> [TO DO]:
Search the records for "rule" and copy each line that holds it.

> [EXERCISE MATERIALS]:
(* Under the standing assumptions of the context, for each fixed $l\ge l_0$ and any real $a<b$, $$\sup_{\omega\in[a,b]}\Big|S_l(\omega)-\Big(\prod_{j=1}^{n}m_l(\omega2^{-j})\Big)'\Big|\longrightarrow0\quad(n\to\infty),$$ where $S_l(\omega):=\sum_{j_0=1}^{\infty}2^{-j_0}m_l'(\omega2^{-j_0})\prod_{j\ge1,\,j\ne j_0}m_l(\omega2^{-j})$.
   Context: Let $\theta$ be odd, non-decreasing, $C^2$, with $\theta(\omega)=\pi/4$ for $\omega>\pi/3$; fix $\pi/3\le\omega_0<\pi/2$. Meyer scaling function (Fourier transform): $\widehat{\varphi^M}(\omega)=1$ for $|\omega|\le2\omega_0$, $=\cos(\frac\pi4+\theta(\frac{\pi}{3(\pi-2\omega_0)}(|\omega|-\pi)))$ for $2\omega_0<|\omega|\le2\pi-2\omega_0$, $=0$ otherwise. Meyer mask: $2\pi$-periodic $m^M$ with $m^M(\omega)=\widehat{\varphi^M}(2\omega)$ on $[-\pi,\pi]$. $\|\cdot\|_C$: sup norm on $[-\pi,\pi]$. A linear method of summation $(\lambda_{n,k})$ maps $f$ with Fourier coefficients $a_k,b_k$ to $u_n(f,\omega)=\frac{a_0}2+\sum_{k=1}^n\lambda_{n,k}(a_k\cos k\omega+b_k\sin k\omega)$. $m^M_l:=m^M/(\cos\frac\omega2)^{2l}$. Standing assumptions: a method and a sequence $n(l)$ are fixed with $u_l:=u_{n(l)}(m^M_l,\cdot)$, $u_{1,l}:=u_{n(l)}((m^M_l)',\cdot)$ satisfying $\|u_l-m^M_l\|_C=o(l^{-1})$, $\|u_{1,l}-(m^M_l)'\|_C=o(1)$, $u_l(\pi)\ne0$; $l_0$ is fixed with $\inf_{l\ge l_0}|u_l(0)|>0$. $m_l(\omega):=(\cos\frac\omega2)^{2l}u_l(\omega)/u_l(0)$ (a trigonometric polynomial with $m_l(0)=1$). *)

theory Defs
  imports "HOL-Analysis.Analysis"
begin

definition C2 :: "(real \<Rightarrow> real) \<Rightarrow> bool" where
  "C2 f \<longleftrightarrow> (\<exists>f' f''. (\<forall>x. (f has_real_derivative f' x) (at x)) \<and>
                       (\<forall>x. (f' has_real_derivative f'' x) (at x)) \<and> continuous_on UNIV f'')"

text \<open>Fourier transform of the Meyer scaling function.\<close>
definition phiM :: "(real \<Rightarrow> real) \<Rightarrow> real \<Rightarrow> real \<Rightarrow> real" where
  "phiM \<theta> \<omega>0 \<omega> =
     (if \<bar>\<omega>\<bar> \<le> 2 * \<omega>0 then 1
      else if \<bar>\<omega>\<bar> \<le> 2 * pi - 2 * \<omega>0 then
        cos (pi / 4 + \<theta> (pi / (3 * (pi - 2 * \<omega>0)) * (\<bar>\<omega>\<bar> - pi)))
      else 0)"

definition red2pi :: "real \<Rightarrow> real" where
  "red2pi \<omega> = \<omega> - 2 * pi * of_int \<lfloor>(\<omega> + pi) / (2 * pi)\<rfloor>"

text \<open>Meyer mask: 2 pi-periodic, equal to phiM(2 omega) on [-pi,pi]
  (at the endpoints both values are 0, so the choice [-pi,pi) is harmless).\<close>
definition mM :: "(real \<Rightarrow> real) \<Rightarrow> real \<Rightarrow> real \<Rightarrow> real" where
  "mM \<theta> \<omega>0 \<omega> = phiM \<theta> \<omega>0 (2 * red2pi \<omega>)"

definition mMl :: "(real \<Rightarrow> real) \<Rightarrow> real \<Rightarrow> nat \<Rightarrow> real \<Rightarrow> real" where
  "mMl \<theta> \<omega>0 l \<omega> = mM \<theta> \<omega>0 \<omega> / (cos (\<omega> / 2)) ^ (2 * l)"

definition supC :: "(real \<Rightarrow> real) \<Rightarrow> real" where
  "supC f = (SUP \<omega>\<in>{-pi..pi}. \<bar>f \<omega>\<bar>)"

definition fa :: "(real \<Rightarrow> real) \<Rightarrow> nat \<Rightarrow> real" where
  "fa f k = integral {-pi..pi} (\<lambda>x. f x * cos (real k * x)) / pi"
(* For every graph $G=(V,E)$, the graph $G'$ defined below is chordal bipartite.
   Context: $G'$ has vertices $x_v,y_v$ for each $v\in V$ and $p_{e,u},q_{e,u},p_{e,v},q_{e,v}$ for each edge $e=uv\in E$. Its edges are: $x_vy_u$ for all $u,v\in V$ (including $u=v$); and for each $e=uv\in E$, the edges $p_{e,u}q_{e,u}$, $p_{e,v}q_{e,v}$, $x_up_{e,u}$, $y_vq_{e,u}$, $x_vp_{e,v}$, $y_uq_{e,v}$. A graph is chordal bipartite if it is bipartite and every cycle of length at least $6$ has a chord. *)

theory Defs
  imports Main
begin

definition simple_graph :: "'a set \<Rightarrow> 'a set set \<Rightarrow> bool" where
  "simple_graph V E \<longleftrightarrow> (\<forall>e\<in>E. card e = 2 \<and> e \<subseteq> V)"

definition adj :: "'a set set \<Rightarrow> 'a \<Rightarrow> 'a \<Rightarrow> bool" where
  "adj E u v \<longleftrightarrow> {u, v} \<in> E"

definition bipartite :: "'a set \<Rightarrow> 'a set set \<Rightarrow> bool" where
  "bipartite V E \<longleftrightarrow> (\<exists>c :: 'a \<Rightarrow> bool. \<forall>u\<in>V. \<forall>v\<in>V. adj E u v \<longrightarrow> c u \<noteq> c v)"

definition is_cycle :: "'a set \<Rightarrow> 'a set set \<Rightarrow> 'a list \<Rightarrow> bool" where
  "is_cycle V E vs \<longleftrightarrow> length vs \<ge> 3 \<and> distinct vs \<and> set vs \<subseteq> V \<and>
     (\<forall>i < length vs. adj E (vs ! i) (vs ! ((i + 1) mod length vs)))"

definition has_chord :: "'a set set \<Rightarrow> 'a list \<Rightarrow> bool" where
  "has_chord E vs \<longleftrightarrow> (\<exists>i < length vs. \<exists>j < length vs. i \<noteq> j \<and>
     j \<noteq> (i + 1) mod length vs \<and> i \<noteq> (j + 1) mod length vs \<and> adj E (vs ! i) (vs ! j))"

definition chordal_bipartite :: "'a set \<Rightarrow> 'a set set \<Rightarrow> bool" where
  "chordal_bipartite V E \<longleftrightarrow> bipartite V E \<and>
     (\<forall>vs. is_cycle V E vs \<and> length vs \<ge> 6 \<longrightarrow> has_chord E vs)"

datatype 'a gvert = X 'a | Y 'a | P "'a set" 'a | Q "'a set" 'a

definition G'_verts :: "'a set \<Rightarrow> 'a set set \<Rightarrow> 'a gvert set" where
  "G'_verts V E = X ` V \<union> Y ` V \<union> {P e u | e u. e \<in> E \<and> u \<in> e} \<union> {Q e u | e u. e \<in> E \<and> u \<in> e}"

definition G'_edges :: "'a set \<Rightarrow> 'a set set \<Rightarrow> 'a gvert set set" where
  "G'_edges V E =
     {{X v, Y u} | u v. u \<in> V \<and> v \<in> V}
   \<union> {{P e u, Q e u} | e u. e \<in> E \<and> u \<in> e}
   \<union> {{X u, P e u} | e u. e \<in> E \<and> u \<in> e}
   \<union> {{Y w, Q e u} | e u w. e \<in> E \<and> u \<in> e \<and> w \<in> e \<and> w \<noteq> u}"

end

theory Submission
  imports Defs
begin

(*
  G' is bipartite with sides {x_v, q_{e,u}} and {y_v, p_{e,u}}.  For chords,
  enumerate a cycle of length n periodically as f 0, f 1, ... (f (k + n) = f k).  Since
  x_a y_b is an edge of G' for all a, b in V, it suffices to find a position k with
  {f k, f (k + 3)} = {x_a, y_b}: for n >= 5 the positions k and k + 3 are non-consecutive,
  so this edge is a chord.  Such a position exists:
   - if some p_{e,u} occurs, its two cycle neighbours are x_u and q_{e,u}, and the other
     neighbour of q_{e,u} is some y_w, giving the path x_u p_{e,u} q_{e,u} y_w;
   - a q_{e,u} forces a p_{e,u} next to it, because its only other neighbour is y_w for the
     unique endpoint w <> u of the 2-element edge e;
   - otherwise the cycle alternates between x- and y-vertices, and f 0, f 3 is such a pair.
*)

lemma adj_swap: "adj E a b \<Longrightarrow> adj E b a"
  by (simp add: adj_def insert_commute)

lemma mod_add_shift_neq:
  fixes a d n :: nat
  assumes "0 < d" "d < n"
  shows "(a + d) mod n \<noteq> a mod n"
proof
  assume "(a + d) mod n = a mod n"
  then have "n dvd d" using mod_eq_dvd_iff_nat[of a "a + d" n] by simp
  with assms show False by (simp add: nat_dvd_not_less)
qed

definition periodic_cycle :: "'v set set \<Rightarrow> nat \<Rightarrow> (nat \<Rightarrow> 'v) \<Rightarrow> bool" where
  "periodic_cycle E n f \<longleftrightarrow>
     (\<forall>k. f (k + n) = f k) \<and> (\<forall>k. adj E (f k) (f (Suc k))) \<and>
     (\<forall>k d. 0 < d \<longrightarrow> d < n \<longrightarrow> f (k + d) \<noteq> f k)"

lemma periodic_cycle_of_cycle:
  assumes "is_cycle V E vs"
  shows "periodic_cycle E (length vs) (\<lambda>k. vs ! (k mod length vs))"
proof -
  let ?n = "length vs"
  have n: "0 < ?n" and dist: "distinct vs"
    and step: "\<And>i. i < ?n \<Longrightarrow> adj E (vs ! i) (vs ! ((i + 1) mod ?n))"
    using assms unfolding is_cycle_def by auto
  have "adj E (vs ! (k mod ?n)) (vs ! (Suc k mod ?n))" for k
    using step[of "k mod ?n"] n by (simp add: mod_Suc_eq)
  moreover have "vs ! ((k + d) mod ?n) \<noteq> vs ! (k mod ?n)" if "0 < d" "d < ?n" for k d
    using mod_add_shift_neq[OF that, of k] n dist by (simp add: nth_eq_iff_index_eq)
  ultimately show ?thesis unfolding periodic_cycle_def by simp
qed

lemma periodic_cycle_step: "periodic_cycle E n f \<Longrightarrow> adj E (f k) (f (Suc k))"
  unfolding periodic_cycle_def by blast

lemma periodic_cycle_apart: "periodic_cycle E n f \<Longrightarrow> 0 < d \<Longrightarrow> d < n \<Longrightarrow> f (k + d) \<noteq> f k"
  unfolding periodic_cycle_def by blast

text \<open>Every term of a periodic cycle also occurs with two predecessors, which lets us look
  backwards along the cycle without truncated subtraction.\<close>
lemma periodic_cycle_two_back:
  assumes "periodic_cycle E n f" "2 \<le> n"
  shows "\<exists>j. f (j + 2) = f i"
proof
  have "i + n - 2 + 2 = i + n" using assms(2) by simp
  moreover have "f (i + n) = f i" using assms(1) unfolding periodic_cycle_def by blast
  ultimately show "f (i + n - 2 + 2) = f i" by simp
qed

lemma chord_at_distance_three:
  assumes cyc: "is_cycle V E vs" and len: "5 \<le> length vs"
    and edge: "adj E (vs ! (k mod length vs)) (vs ! ((k + 3) mod length vs))"
  shows "has_chord E vs"
proof -
  let ?n = "length vs"
  define i j where "i = k mod ?n" and "j = (k + 3) mod ?n"
  have "0 < ?n" using len by linarith
  then have "i < ?n" "j < ?n" by (simp_all add: i_def j_def)
  moreover have "i \<noteq> j"
    using mod_add_shift_neq[of 3 ?n k] len by (simp add: i_def j_def)
  moreover have "j \<noteq> (i + 1) mod ?n"
  proof -
    have "(k + 1 + 2) mod ?n \<noteq> (k + 1) mod ?n"
      by (rule mod_add_shift_neq) (use len in auto)
    then show ?thesis by (simp add: i_def j_def mod_Suc_eq numeral_3_eq_3)
  qed
  moreover have "i \<noteq> (j + 1) mod ?n"
    using mod_add_shift_neq[of 4 ?n k] len
    by (simp add: i_def j_def mod_Suc_eq add.commute)
  ultimately show ?thesis
    using edge unfolding has_chord_def i_def[symmetric] j_def[symmetric] by blast
qed

lemma adj_G'_X:
  "adj (G'_edges V E) (X a) z \<Longrightarrow>
     (\<exists>b. z = Y b \<and> a \<in> V \<and> b \<in> V) \<or> (\<exists>e. z = P e a \<and> e \<in> E \<and> a \<in> e)"
  unfolding adj_def G'_edges_def by (auto simp: doubleton_eq_iff)

lemma adj_G'_Y:
  "adj (G'_edges V E) (Y b) z \<Longrightarrow>
     (\<exists>a. z = X a \<and> a \<in> V \<and> b \<in> V) \<or> (\<exists>e u. z = Q e u)"
  unfolding adj_def G'_edges_def by (auto simp: doubleton_eq_iff)

lemma adj_G'_P:
  "adj (G'_edges V E) (P e u) z \<Longrightarrow> e \<in> E \<and> u \<in> e \<and> (z = X u \<or> z = Q e u)"
  unfolding adj_def G'_edges_def by (auto simp: doubleton_eq_iff)

lemma adj_G'_Q:
  "adj (G'_edges V E) (Q e u) z \<Longrightarrow>
     e \<in> E \<and> u \<in> e \<and> (z = P e u \<or> (\<exists>w. z = Y w \<and> w \<in> e \<and> w \<noteq> u))"
  unfolding adj_def G'_edges_def by (auto simp: doubleton_eq_iff)

lemma adj_G'_X_Y: "a \<in> V \<Longrightarrow> b \<in> V \<Longrightarrow> adj (G'_edges V E) (X a) (Y b)"
  unfolding adj_def G'_edges_def by blast

lemma G'_bipartite: "bipartite (G'_verts V E) (G'_edges V E)"
  unfolding bipartite_def
proof (intro exI ballI impI)
  fix s t assume "adj (G'_edges V E) s t"
  then show "(case s of X _ \<Rightarrow> True | Q _ _ \<Rightarrow> True | _ \<Rightarrow> False)
           \<noteq> (case t of X _ \<Rightarrow> True | Q _ _ \<Rightarrow> True | _ \<Rightarrow> False)"
    unfolding adj_def G'_edges_def by (auto simp: doubleton_eq_iff)
qed

text \<open>A vertex p_{e,u} on a cycle lies on the path x_u p_{e,u} q_{e,u} y_w, whose ends
  are adjacent.\<close>
lemma distance_three_edge_at_P:
  assumes sg: "simple_graph V E" and cyc: "periodic_cycle (G'_edges V E) n f" and n: "4 \<le> n"
    and fP: "f i = P e u"
  shows "\<exists>k. adj (G'_edges V E) (f k) (f (k + 3))"
proof -
  let ?G = "G'_edges V E"
  obtain j where "f (j + 2) = f i" using periodic_cycle_two_back[OF cyc] n by auto
  with fP have Pj: "f (j + 2) = P e u" by simp
  note step = periodic_cycle_step[OF cyc]
  have apart: "f (k + 2) \<noteq> f k" for k using periodic_cycle_apart[OF cyc, of 2 k] n by simp
  have "adj ?G (P e u) (f (j + 1))"
    using adj_swap[OF step[of "j + 1"]] Pj by simp
  from adj_G'_P[OF this] have eu: "e \<in> E" "u \<in> e" and left: "f (j + 1) \<in> {X u, Q e u}"
    by auto
  have "adj ?G (P e u) (f (j + 3))"
    using step[of "j + 2"] Pj by (simp add: numeral_3_eq_3)
  from adj_G'_P[OF this] have right: "f (j + 3) \<in> {X u, Q e u}" by auto
  have e_sub: "e \<subseteq> V" using sg eu unfolding simple_graph_def by blast
  with eu have uV: "u \<in> V" by blast
  have "f (j + 3) \<noteq> f (j + 1)" using apart[of "j + 1"] by (simp add: numeral_3_eq_3)
  then consider "f (j + 1) = X u" "f (j + 3) = Q e u" | "f (j + 1) = Q e u" "f (j + 3) = X u"
    using left right by auto
  then show ?thesis
  proof cases
    case 1
    have "adj ?G (Q e u) (f (j + 4))"
      using step[of "j + 3"] 1 by (simp add: numeral_eq_Suc)
    from adj_G'_Q[OF this] have "f (j + 4) = P e u \<or> (\<exists>w. f (j + 4) = Y w \<and> w \<in> e)"
      by blast
    moreover have "f (j + 4) \<noteq> P e u" using apart[of "j + 2"] Pj by (simp add: numeral_eq_Suc)
    ultimately obtain w where w: "f (j + 4) = Y w" "w \<in> e" by blast
    with e_sub have "adj ?G (f (j + 1)) (f (j + 4))"
      using 1 adj_G'_X_Y[OF uV, of w] by auto
    moreover have "j + 4 = (j + 1) + 3" by simp
    ultimately show ?thesis by metis
  next
    case 2
    have "adj ?G (Q e u) (f j)" using adj_swap[OF step[of j]] 2 by simp
    from adj_G'_Q[OF this] have "f j = P e u \<or> (\<exists>w. f j = Y w \<and> w \<in> e)"
      by blast
    moreover have "f j \<noteq> P e u" using apart[of j] Pj by simp
    ultimately obtain w where w: "f j = Y w" "w \<in> e" by blast
    with e_sub have "adj ?G (f j) (f (j + 3))"
      using 2 adj_swap[OF adj_G'_X_Y[OF uV, of w]] by auto
    then show ?thesis by blast
  qed
qed

text \<open>A vertex q_{e,u} on a cycle has p_{e,u} as a cycle neighbour: its other possible
  neighbour y_w is unique, since e has exactly one endpoint w different from u.\<close>
lemma P_next_to_Q:
  assumes sg: "simple_graph V E" and cyc: "periodic_cycle (G'_edges V E) n f" and n: "2 < n"
    and fQ: "f (Suc j) = Q e u"
  shows "\<exists>i. f i = P e u"
proof (rule ccontr)
  assume noP: "\<nexists>i. f i = P e u"
  have "adj (G'_edges V E) (Q e u) (f j)"
    using adj_swap[OF periodic_cycle_step[OF cyc, of j]] fQ by simp
  from adj_G'_Q[OF this] noP
  obtain w1 where e: "e \<in> E" "u \<in> e" and w1: "f j = Y w1" "w1 \<in> e" "w1 \<noteq> u"
    by blast
  have "adj (G'_edges V E) (Q e u) (f (j + 2))"
    using periodic_cycle_step[OF cyc, of "Suc j"] fQ by simp
  from adj_G'_Q[OF this] noP obtain w2 where w2: "f (j + 2) = Y w2" "w2 \<in> e" "w2 \<noteq> u"
    by blast
  have "card e = 2" using sg e unfolding simple_graph_def by blast
  then have "w1 = w2" using e w1 w2 by (auto simp: card_2_iff)
  moreover have "f (j + 2) \<noteq> f j" using periodic_cycle_apart[OF cyc, of 2 j] n by simp
  ultimately show False using w1 w2 by simp
qed

text \<open>A cycle avoiding all p- and q-vertices alternates between x- and y-vertices, so its
  terms at positions 0 and 3 form an x--y pair.\<close>
lemma distance_three_edge_without_PQ:
  assumes cyc: "periodic_cycle (G'_edges V E) n f"
    and noPQ: "\<And>i e u. f i \<noteq> P e u \<and> f i \<noteq> Q e u"
  shows "adj (G'_edges V E) (f 0) (f 3)"
proof -
  note step = periodic_cycle_step[OF cyc]
  have X_Y: "\<exists>b. f (Suc k) = Y b \<and> a \<in> V \<and> b \<in> V" if "f k = X a" for k a
    using adj_G'_X[OF step[of k, unfolded that]] noPQ by blast
  have Y_X: "\<exists>a. f (Suc k) = X a \<and> a \<in> V \<and> b \<in> V" if "f k = Y b" for k b
    using adj_G'_Y[OF step[of k, unfolded that]] noPQ by blast
  have "(\<exists>a. f 0 = X a) \<or> (\<exists>b. f 0 = Y b)"
    using noPQ[of 0] by (cases "f 0") auto
  then show ?thesis
  proof
    assume "\<exists>a. f 0 = X a"
    then obtain a0 where "f 0 = X a0" by blast
    then obtain b1 where "f 1 = Y b1" using X_Y[of 0] by auto
    then obtain a2 where "f 2 = X a2" "a2 \<in> V" using Y_X[of 1] by (auto simp: numeral_2_eq_2)
    then obtain b3 where "f 3 = Y b3" "b3 \<in> V" using X_Y[of 2] by (auto simp: numeral_3_eq_3)
    moreover have "a0 \<in> V" using X_Y[of 0] \<open>f 0 = X a0\<close> by auto
    ultimately show ?thesis using \<open>f 0 = X a0\<close> adj_G'_X_Y by metis
  next
    assume "\<exists>b. f 0 = Y b"
    then obtain b0 where "f 0 = Y b0" by blast
    then obtain a1 where "f 1 = X a1" using Y_X[of 0] by auto
    then obtain b2 where "f 2 = Y b2" "b2 \<in> V" using X_Y[of 1] by (auto simp: numeral_2_eq_2)
    then obtain a3 where "f 3 = X a3" "a3 \<in> V" using Y_X[of 2] by (auto simp: numeral_3_eq_3)
    moreover have "b0 \<in> V" using Y_X[of 0] \<open>f 0 = Y b0\<close> by auto
    ultimately show ?thesis using \<open>f 0 = Y b0\<close> adj_swap[OF adj_G'_X_Y] by metis
  qed
qed

lemma G'_cycle_distance_three_edge:
  assumes sg: "simple_graph V E" and cyc: "periodic_cycle (G'_edges V E) n f" and n: "4 \<le> n"
  shows "\<exists>k. adj (G'_edges V E) (f k) (f (k + 3))"
proof (cases "\<exists>i e u. f i = P e u \<or> f i = Q e u")
  case True
  then obtain i e u where "f i = P e u \<or> f i = Q e u" by blast
  moreover have "\<exists>i'. f i' = P e u" if "f i = Q e u"
  proof -
    obtain j where "f (j + 2) = f i" using periodic_cycle_two_back[OF cyc] n by auto
    then show ?thesis using P_next_to_Q[OF sg cyc, of "j + 1"] n that by simp
  qed
  ultimately obtain i' where "f i' = P e u" by blast
  then show ?thesis using distance_three_edge_at_P[OF sg cyc n] by blast
next
  case False
  then have "adj (G'_edges V E) (f 0) (f 3)"
    using distance_three_edge_without_PQ[OF cyc] by blast
  then show ?thesis by (intro exI[of _ 0]) simp
qed

theorem lemma11:
  fixes V :: "'a set" and E :: "'a set set"
  assumes "simple_graph V E"
  shows "chordal_bipartite (G'_verts V E) (G'_edges V E)"
  unfolding chordal_bipartite_def
proof (intro conjI allI impI)
  show "bipartite (G'_verts V E) (G'_edges V E)" by (rule G'_bipartite)
next
  fix vs assume vs: "is_cycle (G'_verts V E) (G'_edges V E) vs \<and> 6 \<le> length vs"
  let ?f = "\<lambda>k. vs ! (k mod length vs)"
  have "periodic_cycle (G'_edges V E) (length vs) ?f"
    using vs periodic_cycle_of_cycle by blast
  then obtain k where "adj (G'_edges V E) (?f k) (?f (k + 3))"
    using G'_cycle_distance_three_edge[OF assms] vs by fastforce
  then show "has_chord (G'_edges V E) vs"
    using chord_at_distance_three vs by fastforce
qed

end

> [YOUR SOLUTION]:
      by (rule mod_add_shift_neq) (use len in auto)
proof (rule ccontr)
  show "bipartite (G'_verts V E) (G'_edges V E)" by (rule G'_bipartite)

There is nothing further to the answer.